WILLIAMS: If you are asking about dream cars, this is interesting. I go to buy a car, I bought a car this year, the summer, in fact.
GUILFOYLE: What kind of car?
WILLIAMS: It was a Lexus.
GUILFOYLE: Very nice.
WILLIAMS: A beautiful car. But I am having my midlife thing, so I see --
WATTERS: Oh, you are?
WILLIAMS: They have an LC something, a new car, but wow. It wasn't expensive. It was like, everybody was looking at this car and --
GUILFOYLE: It is a Lexus?
WILLIAMS: I looked at Porsches and Ferraris and I thought I am not comfortable in this cars.
GUILFOYLE: What about a Tesla?
WILLIAMS: that would be cool, but these other cars look fast and low and they catch your eye.
WATTERS: My first car was a 1980 yellow Chrysler Lebaron. We got her for $400. My father got it he used. Any time you a corner, the wheels screeched. So it was like the getaway car from a bank heist. Really embarrassing. Dream car, I will take a Lambo, even though I can't drive it.
(LAUGHTER)
GUILFOYLE: Navy blue Porsche Carrera. But I would like.
WATTERS: One final question is up next.
(COMMERCIAL BREAK)
WILLIAMS: Welcome back. As they are doing one more thing tonight, we will answer one more question. This question comes from Kelly G and it says, which one of you is the most addicted to social media? So I don't even know how - I think we can say who we think. But I don't know. I think Greg is a social media addict.
GUTFELD: I think I am.
PERINO: I put myself in that category. Mostly because I like to keep scrolling to see what is new. I like to see what the conversation is.
WILLIAMS: Yeah. Who would you say, which one of us?
PERINO: It's not Kimberly and it's not you. And Jesse only looks at it for one reason.
(LAUGHTER)
WATTERS: What would that become a Dana?
PERINO: You told us what it was.
WATTERS: What?
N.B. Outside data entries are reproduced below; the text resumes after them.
(* Every real binary quartic form $p\in F_{2,4}$ has a unique signature, i.e. $\mathcal B(p)$ has exactly one minimal element with respect to $\preceq$.
   Context: $F_{2,4}$ is the space of real binary forms of degree $4$ in $x,y$. A representation of $p\in F_{2,4}$ is an expression $p=\sum_{j=1}^r\lambda_j(\alpha_jx+\beta_jy)^{4}$ with $r\ge0$ (empty sum $=0$), $\alpha_j,\beta_j\in\mathbb R$, $0\ne\lambda_j\in\mathbb R$; it is honest if the linear forms $\alpha_jx+\beta_jy$ are pairwise non-proportional. Its badge is $(a,b)$ where $a=\#\{j:\lambda_j>0\}$, $b=\#\{j:\lambda_j<0\}$. $\mathcal B(p)$ is the set of badges of honest representations of $p$. Badges are ordered by $(a,b)\preceq(c,d)$ iff $a\le c$ and $b\le d$; a signature of $p$ is a minimal element of $\mathcal B(p)$. *)

theory Defs
  imports Complex_Main
begin

definition binary_quartic :: "(real \<Rightarrow> real \<Rightarrow> real) \<Rightarrow> bool" where
  "binary_quartic p \<longleftrightarrow>
     (\<exists>c :: nat \<Rightarrow> real. \<forall>x y. p x y = (\<Sum>i\<le>4. c i * x ^ i * y ^ (4 - i)))"

definition is_representation :: "(real \<Rightarrow> real \<Rightarrow> real) \<Rightarrow> (real \<times> real \<times> real) list \<Rightarrow> bool" where
  "is_representation p rs \<longleftrightarrow>
     (\<forall>t\<in>set rs. fst t \<noteq> 0) \<and>
     (\<forall>x y. p x y = (\<Sum>(l, a, b)\<leftarrow>rs. l * (a * x + b * y) ^ 4))"

text \<open>Two linear forms a x + b y and a' x + b' y are proportional iff a b' - a' b = 0.\<close>
definition proportional :: "real \<times> real \<Rightarrow> real \<times> real \<Rightarrow> bool" where
  "proportional u v \<longleftrightarrow> fst u * snd v - fst v * snd u = 0"

definition honest :: "(real \<times> real \<times> real) list \<Rightarrow> bool" where
  "honest rs \<longleftrightarrow>
     (\<forall>i<length rs. \<forall>j<length rs. i \<noteq> j \<longrightarrow> \<not> proportional (snd (rs ! i)) (snd (rs ! j)))"

definition badge :: "(real \<times> real \<times> real) list \<Rightarrow> nat \<times> nat" where
  "badge rs = (length (filter (\<lambda>t. fst t > 0) rs), length (filter (\<lambda>t. fst t < 0) rs))"

definition badges :: "(real \<Rightarrow> real \<Rightarrow> real) \<Rightarrow> (nat \<times> nat) set" where
  "badges p = {badge rs | rs. is_representation p rs \<and> honest rs}"

definition badge_le :: "nat \<times> nat \<Rightarrow> nat \<times> nat \<Rightarrow> bool" where
  "badge_le u v \<longleftrightarrow> fst u \<le> fst v \<and> snd u \<le> snd v"

definition is_signature :: "(real \<Rightarrow> real \<Rightarrow> real) \<Rightarrow> nat \<times> nat \<Rightarrow> bool" where
  "is_signature p s \<longleftrightarrow> s \<in> badges p \<and> (\<forall>t\<in>badges p. badge_le t s \<longrightarrow> t = s)"

end

theory Submission
  imports Defs "HOL-Computational_Algebra.Polynomial"
begin

text \<open>
  Every real binary quartic p has a least badge with respect to the componentwise order,
  hence exactly one signature.  A quartic is a sum of fourth powers, so for every
  representation R of p the weighted evaluation functional f \<mapsto> \<Sum> l f(a, b) over
  the terms (l, a, b) of R is determined by p on all quartic forms (apolarity).

  It then shows:
  \<^item> every sum of weighted fourth powers can be made proper (honest, with nonzero
    weights and linear forms) without increasing its badge or length;
  \<^item> an exchange lemma: a positive combination of at least three evaluations equals a
    nonnegative combination of three evaluations, one at any other prescribed point.  The
    proof uses the apolar quadratic, which positivity forces to have two real zeros, and
    interpolation at three points.  Hence a proper representation with at least four
    terms and three terms of equal sign can be shortened, and every proper representation
    reduces to one with at most three terms or with badge (2, 2);
  \<^item> a proper representation with at most three terms has badge below that of every
    proper representation, by testing both with the square of a suitable quadratic form.
  The least badge is therefore the badge of a proper representation with at most three
  terms if one exists, and (2, 2) otherwise.
\<close>

definition homog :: "nat \<Rightarrow> real poly \<Rightarrow> real \<Rightarrow> real \<Rightarrow> real" where
  "homog n P a b = (\<Sum>i\<le>n. coeff P i * a ^ i * b ^ (n - i))"

lemma homog_eq_poly:
  assumes "b \<noteq> 0" "degree P \<le> n"
  shows "homog n P a b = b ^ n * poly P (a / b)"
proof -
  have "poly P (a/b) = (\<Sum>i\<le>n. coeff P i * (a/b) ^ i)"
    using assms(2) by (simp add: poly_altdef, intro sum.mono_neutral_left) (auto simp: coeff_eq_0)
  hence "b ^ n * poly P (a / b) = (\<Sum>i\<le>n. coeff P i * ((a/b) ^ i * b ^ n))"
    by (simp add: sum_distrib_left mult_ac)
  also have "\<dots> = (\<Sum>i\<le>n. coeff P i * a ^ i * b ^ (n - i))"
  proof (intro sum.cong refl)
    fix i assume "i \<in> {..n}"
    hence "b ^ n = b ^ i * b ^ (n - i)" by (simp add: power_add[symmetric])
    thus "coeff P i * ((a/b) ^ i * b ^ n) = coeff P i * a ^ i * b ^ (n - i)"
      using assms(1) by (simp add: power_divide field_simps)
  qed
  finally show ?thesis by (simp add: homog_def)
qed

lemma homog_at_infinity: "homog n P a 0 = coeff P n * a ^ n"
proof -
  have "homog n P a 0 = (\<Sum>i\<le>n. if i = n then coeff P n * a ^ n else 0)"
    unfolding homog_def by (intro sum.cong refl) auto
  thus ?thesis by simp
qed

lemma homog_scale: "homog n P (c * a) (c * b) = c ^ n * homog n P a b"
proof -
  have "coeff P i * (c * a) ^ i * (c * b) ^ (n - i) = c ^ n * (coeff P i * a ^ i * b ^ (n - i))"
    if "i \<le> n" for i
  proof -
    have "c ^ i * c ^ (n - i) = c ^ n" using that by (simp add: power_add[symmetric])
    thus ?thesis by (simp add: power_mult_distrib algebra_simps)
  qed
  thus ?thesis unfolding homog_def sum_distrib_left by (intro sum.cong) auto
qed

lemma coeff_mult_top:
  assumes "degree P \<le> n" "degree Q \<le> m"
  shows "coeff (P * Q) (n + m) = coeff P n * coeff Q m"
proof (cases "degree P = n \<and> degree Q = m")
  case True thus ?thesis using coeff_mult_degree_sum[of P Q] by simp
next
  case False
  hence "coeff P n * coeff Q m = 0" using assms by (auto simp: coeff_eq_0)
  moreover have "degree (P * Q) < n + m \<or> P * Q = 0"
    using False assms degree_mult_le[of P Q] by (cases "P = 0 \<or> Q = 0") (auto simp: degree_mult_eq)
  ultimately show ?thesis by (auto simp: coeff_eq_0)
qed

lemma homog_mult:
  assumes "degree P \<le> n" "degree Q \<le> m"
  shows "homog (n + m) (P * Q) a b = homog n P a b * homog m Q a b"
proof (cases "b = 0")
  case True thus ?thesis using coeff_mult_top[OF assms] by (simp add: homog_at_infinity power_add)
next
  case False
  have "degree (P * Q) \<le> n + m" using degree_mult_le[of P Q] assms by linarith
  thus ?thesis using False assms by (simp add: homog_eq_poly power_add poly_mult)
qed

lemma homog_add: "homog n (P + Q) a b = homog n P a b + homog n Q a b"
  by (simp add: homog_def sum.distrib algebra_simps)

lemma homog_smult: "homog n (smult c P) a b = c * homog n P a b"
  by (simp add: homog_def sum_distrib_left algebra_simps)

lemma homog_Suc0: "homog (Suc 0) P a b = coeff P 0 * b + coeff P 1 * a"
  by (simp add: homog_def)

lemma homog_0: "homog 0 P a b = coeff P 0"
  by (simp add: homog_def)

abbreviation ev :: "(real \<Rightarrow> real \<Rightarrow> real) \<Rightarrow> real \<times> real \<Rightarrow> real" where
  "ev f t \<equiv> f (fst t) (snd t)"

definition hform :: "nat \<Rightarrow> (real \<Rightarrow> real \<Rightarrow> real) \<Rightarrow> bool" where
  "hform n f \<longleftrightarrow> (\<exists>P. degree P \<le> n \<and> (\<forall>a b. f a b = homog n P a b))"

lemma hform_cong: "hform n f \<Longrightarrow> (\<And>a b. f a b = g a b) \<Longrightarrow> hform n g"
  by (metis ext)

lemma hform_add: "hform n f \<Longrightarrow> hform n g \<Longrightarrow> hform n (\<lambda>a b. f a b + g a b)"
  unfolding hform_def by (metis (no_types, lifting) degree_add_le homog_add)

lemma hform_smult: "hform n f \<Longrightarrow> hform n (\<lambda>a b. c * f a b)"
  unfolding hform_def by (metis (no_types, lifting) degree_smult_le dual_order.trans homog_smult)

lemma hform_diff: "hform n f \<Longrightarrow> hform n g \<Longrightarrow> hform n (\<lambda>a b. f a b - g a b)"
  using hform_add[of n f "\<lambda>a b. (-1) * g a b"] hform_smult[of n g "-1"] by simp

lemma hform_mult: "hform n f \<Longrightarrow> hform m g \<Longrightarrow> hform (n + m) (\<lambda>a b. f a b * g a b)"
  unfolding hform_def
proof (elim exE conjE)
  fix P Q assume "degree P \<le> n" "\<forall>a b. f a b = homog n P a b" "degree Q \<le> m" "\<forall>a b. g a b = homog m Q a b"
  thus "\<exists>R. degree R \<le> n + m \<and> (\<forall>a b. f a b * g a b = homog (n + m) R a b)"
    by (intro exI[of _ "P * Q"]) (auto intro: order.trans[OF degree_mult_le] simp: homog_mult)
qed

lemma hform_homogeneous: "hform n f \<Longrightarrow> f (c * a) (c * b) = c ^ n * f a b"
  unfolding hform_def using homog_scale by auto

lemma hform_linear: "hform 1 (\<lambda>a b. r * a + s * b)"
  unfolding hform_def by (intro exI[of _ "[:s, r:]"]) (auto simp: homog_Suc0 algebra_simps)

lemma hform1_E:
  assumes "hform 1 f" obtains r s where "\<And>a b. f a b = r * a + s * b"
proof -
  obtain P where "\<forall>a b. f a b = homog 1 P a b" using assms unfolding hform_def by blast
  thus ?thesis using that[of "coeff P 1" "coeff P 0"] by (simp add: homog_Suc0 algebra_simps)
qed

lemma hform0_E: assumes "hform 0 f" obtains c where "\<And>a b. f a b = c"
  using assms unfolding hform_def by (auto simp: homog_0)

lemma hform_quadratic: "hform 2 (\<lambda>a b. g2 * a ^ 2 + g1 * a * b + g0 * b ^ 2)"
  unfolding hform_def
  by (intro exI[of _ "[:g0, g1, g2:]"]) (auto simp: homog_def eval_nat_numeral algebra_simps)

lemma hform_square: "hform n f \<Longrightarrow> hform (2 * n) (\<lambda>a b. f a b ^ 2)"
  using hform_mult[of n f n f] by (simp add: mult_2 power2_eq_square)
Look at the nice things that people say about me.
(LAUGHTER)
GUTFELD: I love that.
WATTERS: Just before the half of it is nice and half of it is nasty.
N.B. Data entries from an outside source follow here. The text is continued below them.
text \<open>The coefficients of the right-normed bracketing, read off by pairing with the shuffles
of prefixes with reversed suffixes.\<close>
lemma sum_split_shuffle_Cons:
  fixes c :: "nat \<Rightarrow> 'k::comm_ring_1"
  assumes "z \<noteq> []"
  shows "(\<Sum>i\<le>length z. c (length z - i) * of_nat (count (split_shuffle z i) (a # u))) =
    (if hd z = a
     then \<Sum>i\<le>length (tl z). c (length (tl z) - i) * of_nat (count (split_shuffle (tl z) i) u) else 0) +
    (if last z = a
     then \<Sum>i\<le>length (butlast z). c (Suc (length (butlast z)) - i) *
       of_nat (count (split_shuffle (butlast z) i) u) else 0)"
proof -
  let ?X = "\<lambda>z i. of_nat (count (split_shuffle z i) u) :: 'k"
  obtain n where n: "length z = Suc n" "length (tl z) = n" "length (butlast z) = n"
    using assms by (cases z) auto
  have "(\<Sum>i\<le>length z. c (length z - i) * of_nat (count (split_shuffle z i) (a # u))) =
      (\<Sum>i\<le>length z. c (length z - i) * (if 0 < i \<and> hd z = a then ?X (tl z) (i - 1) else 0)) +
      (\<Sum>i\<le>length z. c (length z - i) * (if i < length z \<and> last z = a then ?X (butlast z) i else 0))"
    unfolding sum.distrib[symmetric]
    by (rule sum.cong[OF refl], simp only: atMost_iff count_split_shuffle_Cons of_nat_add
        if_distrib[of of_nat] of_nat_0 distrib_left)
  also have "(\<Sum>i\<le>length z. c (length z - i) * (if 0 < i \<and> hd z = a then ?X (tl z) (i - 1) else 0)) =
      (if hd z = a then \<Sum>i\<le>n. c (n - i) * ?X (tl z) i else 0)"
    by (cases "hd z = a") (simp_all add: n sum.atMost_Suc_shift del: sum.atMost_Suc)
  also have "(\<Sum>i\<le>length z. c (length z - i) * (if i < length z \<and> last z = a then ?X (butlast z) i else 0)) =
      (if last z = a then \<Sum>i\<le>n. c (Suc n - i) * ?X (butlast z) i else 0)"
    by (cases "last z = a") (simp_all add: n)
  finally show ?thesis
    by (simp only: n)
qed

lemma lie_poly_eq_sum_split_shuffle:
  assumes "u \<noteq> []"
  shows "lie_poly u z =
    (\<Sum>i\<le>length z. (-1) ^ Suc (length z - i) * of_nat (length z - i) *
      of_nat (count (split_shuffle z i) u) :: 'k::comm_ring_1)"
  using assms
proof (induction u arbitrary: z rule: lie_poly.induct)
  case (2 a)
  have "count (split_shuffle z i) [a] = 0" if "z \<noteq> [a]" for i
    using that by (auto simp: split_shuffle_def count_eq_zero_iff dest!: mset_in_shuffle_mset)
      (metis append_take_drop_id mset_append mset_rev mset_single_iff_right)
  then show ?case
    by (cases "z = [a]") (auto simp: split_shuffle_def)
next
  case (3 a b u)
  let ?c = "\<lambda>k. (-1) ^ Suc k * of_nat k :: 'k"
  let ?X = "\<lambda>z i. of_nat (count (split_shuffle z i) (b # u)) :: 'k"
  have IH: "lie_poly (b # u) y = (\<Sum>i\<le>length y. ?c (length y - i) * ?X y i)" for y
    using "3.IH" by simp
  show ?case
  proof (cases "z = []")
    case False
    let ?n = "length (butlast z)"
    have "(\<Sum>i\<le>?n. ?c (Suc ?n - i) * ?X (butlast z) i) = - lie_poly (b # u) (butlast z)"
      unfolding sum_lie_coeff_Suc IH
      using alternating_sum_split_shuffle[of "butlast z" "b # u", where 'k = 'k] by simp
    with False have "lie_poly (a # b # u) z =
        (if hd z = a then \<Sum>i\<le>length (tl z). ?c (length (tl z) - i) * ?X (tl z) i else 0) +
        (if last z = a then \<Sum>i\<le>?n. ?c (Suc ?n - i) * ?X (butlast z) i else 0)"
      by (simp add: IH[of "tl z"] lmul_def rmul_def)
    also have "\<dots> = (\<Sum>i\<le>length z. ?c (length z - i) * of_nat (count (split_shuffle z i) (a # b # u)))"
      by (rule sum_split_shuffle_Cons[OF False, symmetric])
    finally show ?thesis .
  qed (simp add: lmul_def rmul_def split_shuffle_def)
qed simp

section \<open>Functionals vanishing on shuffles\<close>

definition shuffle_primitive_on :: "'a multiset \<Rightarrow> ('a list \<Rightarrow> 'k::comm_ring_1) \<Rightarrow> bool" where
  "shuffle_primitive_on M L \<longleftrightarrow>
    (\<forall>p q. p \<noteq> [] \<longrightarrow> q \<noteq> [] \<longrightarrow> mset p + mset q = M \<longrightarrow> shuffle_eval L p q = 0)"

lemma sum_atMost_ends:
  fixes n :: nat
  assumes "0 < n" "\<And>i. 0 < i \<Longrightarrow> i < n \<Longrightarrow> f i = 0"
  shows "(\<Sum>i\<le>n. f i) = f 0 + (f n :: 'k::comm_monoid_add)"
proof -
  have "(\<Sum>i\<le>n. f i) = (\<Sum>i\<in>{0, n}. f i)"
  proof (rule sum.mono_neutral_right)
    show "\<forall>i\<in>{..n} - {0, n}. f i = 0"
    proof
      fix i assume "i \<in> {..n} - {0, n}"
      then show "f i = 0" by (intro assms(2)) auto
    qed
  qed auto
  with assms(1) show ?thesis by simp
qed

lemma shuffle_eval_split_eq_sum:
  assumes "z \<in> permutations_of_multiset (mset w)"
  shows "shuffle_eval L (take i z) (rev (drop i z)) =
    (\<Sum>u\<in>permutations_of_multiset (mset w). of_nat (count (split_shuffle z i) u) * L u)"
proof -
  have "mset (take i z) + mset (rev (drop i z)) = mset w"
    using assms by (metis append_take_drop_id mset_append mset_rev permutations_of_multisetD)
  then show ?thesis
    unfolding split_shuffle_def by (rule shuffle_eval_eq_sum_perms)
qed

lemma shuffle_eval_split_eq_0:
  assumes "shuffle_primitive_on (mset z) L" "0 < i" "i < length z"
  shows "shuffle_eval L (take i z) (rev (drop i z)) = 0"
proof -
  have "take i z \<noteq> []" "rev (drop i z) \<noteq> []"
    using assms(2,3) by auto
  moreover have "mset (take i z) + mset (rev (drop i z)) = mset z"
    by (metis append_take_drop_id mset_append mset_rev)
  ultimately show ?thesis
    using assms(1) by (simp add: shuffle_primitive_on_def)
qed

text \<open>The antipode acts as \<open>-1\<close> on primitive elements.\<close>
lemma shuffle_primitive_on_rev:
  fixes L :: "'a list \<Rightarrow> 'k::comm_ring_1"
  assumes "z \<noteq> []" "shuffle_primitive_on (mset z) L"
  shows "L z = - ((-1) ^ length z * L (rev z))"
proof -
  let ?P = "permutations_of_multiset (mset z)"
  let ?n = "length z"
  define T where "T i = shuffle_eval L (take i z) (rev (drop i z))" for i
  have "(\<Sum>i\<le>?n. (-1) ^ (?n - i) * T i) =
      (\<Sum>u\<in>?P. L u * (\<Sum>i\<le>?n. (-1) ^ (?n - i) * of_nat (count (split_shuffle z i) u)))"
    by (simp add: T_def shuffle_eval_split_eq_sum[OF permutations_of_multisetI[OF refl]]
        sum_distrib_left sum.swap[of _ ?P] mult_ac)
  also have "\<dots> = 0"
    using assms(1) alternating_sum_split_shuffle[of z, where 'k = 'k] by simp
  finally have "(-1) ^ ?n * L (rev z) + L z = 0"
    using assms sum_atMost_ends[of ?n "\<lambda>i. (-1) ^ (?n - i) * T i"]
    by (simp add: T_def shuffle_eval_split_eq_0)
  then show ?thesis
    by (simp add: eq_neg_iff_add_eq_0 add.commute)
qed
PERINO: He reads this up that is good about him.
GUTFELD: That is good. I only respond to bad stuff.
WATTERS: You are the opposite.
GUTFELD: I look for the bad stuff in a make fun of them. I am like a reverse troller.
WILLIAMS: You are the least addicted. Why is that?
GUILFOYLE: I don't care.
WILLIAMS: You don't care!
(LAUGHTER)
GUILFOYLE: There's nothing they can say about me that will chip away at me or who I am or where I come from our parents or my family.
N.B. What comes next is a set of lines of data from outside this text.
(* Suppose Assumptions 1–6 hold. Then $$R_n(\mathbf w_n^* )-R_n(\tilde{\mathbf w}_n^* )=o\{R_n(\mathbf w_n^* )\},$$ i.e. the optimal model averaging risks over $\mathcal W_n$ and over $\mathcal Q_n$ are asymptotically equivalent. No assumption on $M_n$ or on the decay of $\theta_{n,m}$ is needed.
   Context: Setting. For each sample size $n$ one observes $\mathbf y=\boldsymbol\mu+\boldsymbol\varepsilon\in\mathbb R^n$ with $\boldsymbol\mu=\mathbf X\boldsymbol\beta$, where $\mathbf X=(x_{ij})$ is a nonstochastic $n\times p_n$ matrix with $p_n<n$, $E(\boldsymbol\varepsilon)=\mathbf 0$, $\mathrm{Cov}(\boldsymbol\varepsilon)=\boldsymbol\Omega$ positive definite (all may depend on $n$). Fix integers $0=\nu_0<\nu_1<\cdots<\nu_{q_n}=p_n$. For $m=1,\dots,q_n$, $\mathbf X_m$ is the $n\times\nu_m$ matrix of the first $\nu_m$ columns of $\mathbf X$ (full column rank), $\mathbf P_m=\mathbf X_m(\mathbf X_m^\top\mathbf X_m)^{-1}\mathbf X_m^\top$, $\mathbf P_0=\mathbf 0$. Candidate models are $m\in\{1,\dots,M_n\}$, $2\le M_n\le q_n$. $R_n(m)=E\|\mathbf P_m\mathbf y-\boldsymbol\mu\|^2$; for $\mathbf w\in\mathbb R^{M_n}$, $R_n(\mathbf w)=E\|\sum_{m=1}^{M_n}w_m\mathbf P_m\mathbf y-\boldsymbol\mu\|^2$. $\mathcal W_n=\{\mathbf w\in[0,1]^{M_n}:\sum_m w_m=1\}$ and $\mathcal Q_n=[0,1]^{M_n}$. $\mathbf w_n^*$ minimizes $R_n(\mathbf w)$ over $\mathcal W_n$ and $\tilde{\mathbf w}_n^*$ minimizes it over $\mathcal Q_n$; $m_n^{**}$ minimizes $R_n(m)$ over $\{1,\dots,q_n\}$ (all unique). $\theta_{n,m}=\dfrac{n^{-1}\boldsymbol\mu^\top(\mathbf P_m-\mathbf P_{m-1})\boldsymbol\mu}{\mathrm{tr}\{(\mathbf P_m-\mathbf P_{m-1})\boldsymbol\Omega\}}$, $m=1,\dots,q_n$; $d_n=\max\{m:\theta_{n,m}>0\}$. Assumption 1: $\|\boldsymbol\mu\|^2/n=O(1)$. Assumption 2: constants $0<c_1\le c_2<\infty$ with $c_1<\lambda_{\min}(\boldsymbol\Omega)\le\lambda_{\max}(\boldsymbol\Omega)<c_2$. Assumption 3: for each large $n$, $\theta_{n,1}\ge\cdots\ge\theta_{n,q_n}$. Assumption 4: a constant $V\ge1$ with $\max_{1\le m\le d_n}(\nu_m-\nu_{m-1})\le V$ for all large $n$. Assumption 5: for every fixed positive integer $m$ there are $\bar\theta_m>0$, $K_m>0$ such that for all $n\ge K_m$, $m\le d_n$ and $\theta_{n,m}\ge\bar\theta_m$. Assumption 6: for each large $n$ there is $m_n'\in\{1,\dots,d_n-1\}$ with $R_n(m)<R_n(m-1)$ for $2\le m\le m_n'$, $R_n(m)\ge R_n(m-1)$ for $m_n'<m\le d_n$, and $R_n(d_n)>R_n(d_n-1)$. *)

theory Defs
  imports "HOL-Probability.Probability" "HOL-Library.Landau_Symbols"
    "Jordan_Normal_Form.Gauss_Jordan_Elimination" "Jordan_Normal_Form.Char_Poly"
begin

definition first_cols :: "real mat \<Rightarrow> nat \<Rightarrow> real mat" where
  "first_cols X k = mat (dim_row X) k (\<lambda>(i,j). X $$ (i,j))"

definition full_col_rank :: "real mat \<Rightarrow> bool" where
  "full_col_rank A \<longleftrightarrow>
     (\<forall>v \<in> carrier_vec (dim_col A). A *\<^sub>v v = 0\<^sub>v (dim_row A) \<longrightarrow> v = 0\<^sub>v (dim_col A))"

definition hat_mat :: "real mat \<Rightarrow> real mat" where
  "hat_mat A = A * the (mat_inverse (transpose_mat A * A)) * transpose_mat A"

text \<open>P_m (with P_0 = 0) for design X and column cut points nu.\<close>
definition proj :: "real mat \<Rightarrow> (nat \<Rightarrow> nat) \<Rightarrow> nat \<Rightarrow> real mat" where
  "proj X nu m = (if m = 0 then 0\<^sub>m (dim_row X) (dim_row X)
                 else hat_mat (first_cols X (nu m)))"

definition sqnorm :: "real vec \<Rightarrow> real" where
  "sqnorm v = (\<Sum>i<dim_vec v. (v $ i)\<^sup>2)"

definition mtrace :: "real mat \<Rightarrow> real" where
  "mtrace A = (\<Sum>i<dim_row A. A $$ (i,i))"

definition risk_mat :: "'a measure \<Rightarrow> ('a \<Rightarrow> real vec) \<Rightarrow> real vec \<Rightarrow> real mat \<Rightarrow> real" where
  "risk_mat M eps mu A = integral\<^sup>L M (\<lambda>\<omega>. sqnorm (A *\<^sub>v (mu + eps \<omega>) - mu))"

definition avg_mat :: "real mat \<Rightarrow> (nat \<Rightarrow> nat) \<Rightarrow> nat \<Rightarrow> (nat \<Rightarrow> real) \<Rightarrow> real mat" where
  "avg_mat X nu Mn w = mat (dim_row X) (dim_row X)
      (\<lambda>(i,j). \<Sum>m=1..Mn. w m * proj X nu m $$ (i,j))"

definition risk_w :: "'a measure \<Rightarrow> ('a \<Rightarrow> real vec) \<Rightarrow> real mat \<Rightarrow> real vec \<Rightarrow> (nat \<Rightarrow> nat)
     \<Rightarrow> nat \<Rightarrow> (nat \<Rightarrow> real) \<Rightarrow> real" where
  "risk_w M eps X beta nu Mn w = risk_mat M eps (X *\<^sub>v beta) (avg_mat X nu Mn w)"

definition risk_m :: "'a measure \<Rightarrow> ('a \<Rightarrow> real vec) \<Rightarrow> real mat \<Rightarrow> real vec \<Rightarrow> (nat \<Rightarrow> nat)
     \<Rightarrow> nat \<Rightarrow> real" where
  "risk_m M eps X beta nu m = risk_mat M eps (X *\<^sub>v beta) (proj X nu m)"

definition theta :: "real mat \<Rightarrow> real vec \<Rightarrow> real mat \<Rightarrow> (nat \<Rightarrow> nat) \<Rightarrow> nat \<Rightarrow> real" where
  "theta X beta Om nu m =
     (let mu = X *\<^sub>v beta; D = proj X nu m - proj X nu (m - 1) in
      (scalar_prod mu (D *\<^sub>v mu) / real (dim_row X)) / mtrace (D * Om))"

definition dn :: "real mat \<Rightarrow> real vec \<Rightarrow> real mat \<Rightarrow> (nat \<Rightarrow> nat) \<Rightarrow> nat \<Rightarrow> nat" where
  "dn X beta Om nu q = Max {m \<in> {1..q}. theta X beta Om nu m > 0}"

definition simplex_w :: "nat \<Rightarrow> (nat \<Rightarrow> real) set" where
  "simplex_w Mn = {w. (\<forall>m\<in>{1..Mn}. 0 \<le> w m \<and> w m \<le> 1) \<and> (\<Sum>m=1..Mn. w m) = 1}"

definition cube_w :: "nat \<Rightarrow> (nat \<Rightarrow> real) set" where
  "cube_w Mn = {w. \<forall>m\<in>{1..Mn}. 0 \<le> w m \<and> w m \<le> 1}"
WILLIAMS: But people have so much to say.
GUILFOYLE: They do.
PERINO: I find a lot of good in it. I like Instagram. I like to give you both people's beautiful pictures often.
WILLIAMS: Facebook?
PERINO: Facebook I like because -- you don't like Instagram?
WILLIAMS: Facebook is where you keep up with friends and family.
GUILFOYLE: Instagram get the photos so I can see what she is doing on the weekends, Jasper and Peter and the beach.
WATTERS: Juan, you would love Instagram.
GUILFOYLE: That is probably the most fun but I say twitter is the most interesting based on the news. That is what I like.
GUTFELD: Dana I remember you saying you are a big fan of grinder.
GUILFOYLE: That was a mistake she made.
PERINO: I meant tender.
(LAUGHTER)
WATTERS: Greg is much more addicted than I am.
GUTFELD: You know you are addicted when you keep telling yourself that you got to stop doing it. That is when you know you have a problem. A glass of wine after work and I was at their -- or two -- and I will sit there and mess around. I wake up in the morning and I go, did I -- what did I say --
WATTERS: You wake up so drunk that you are like, what did you say last night?
WILLIAMS: If you are walking on the street, looking at your phone, I will bump into you. Thanks for joining us this Labor Day. We will see you back here tomorrow. Please set your DVR so you never, ever miss an episode of "The Five." "Hannity" is up next.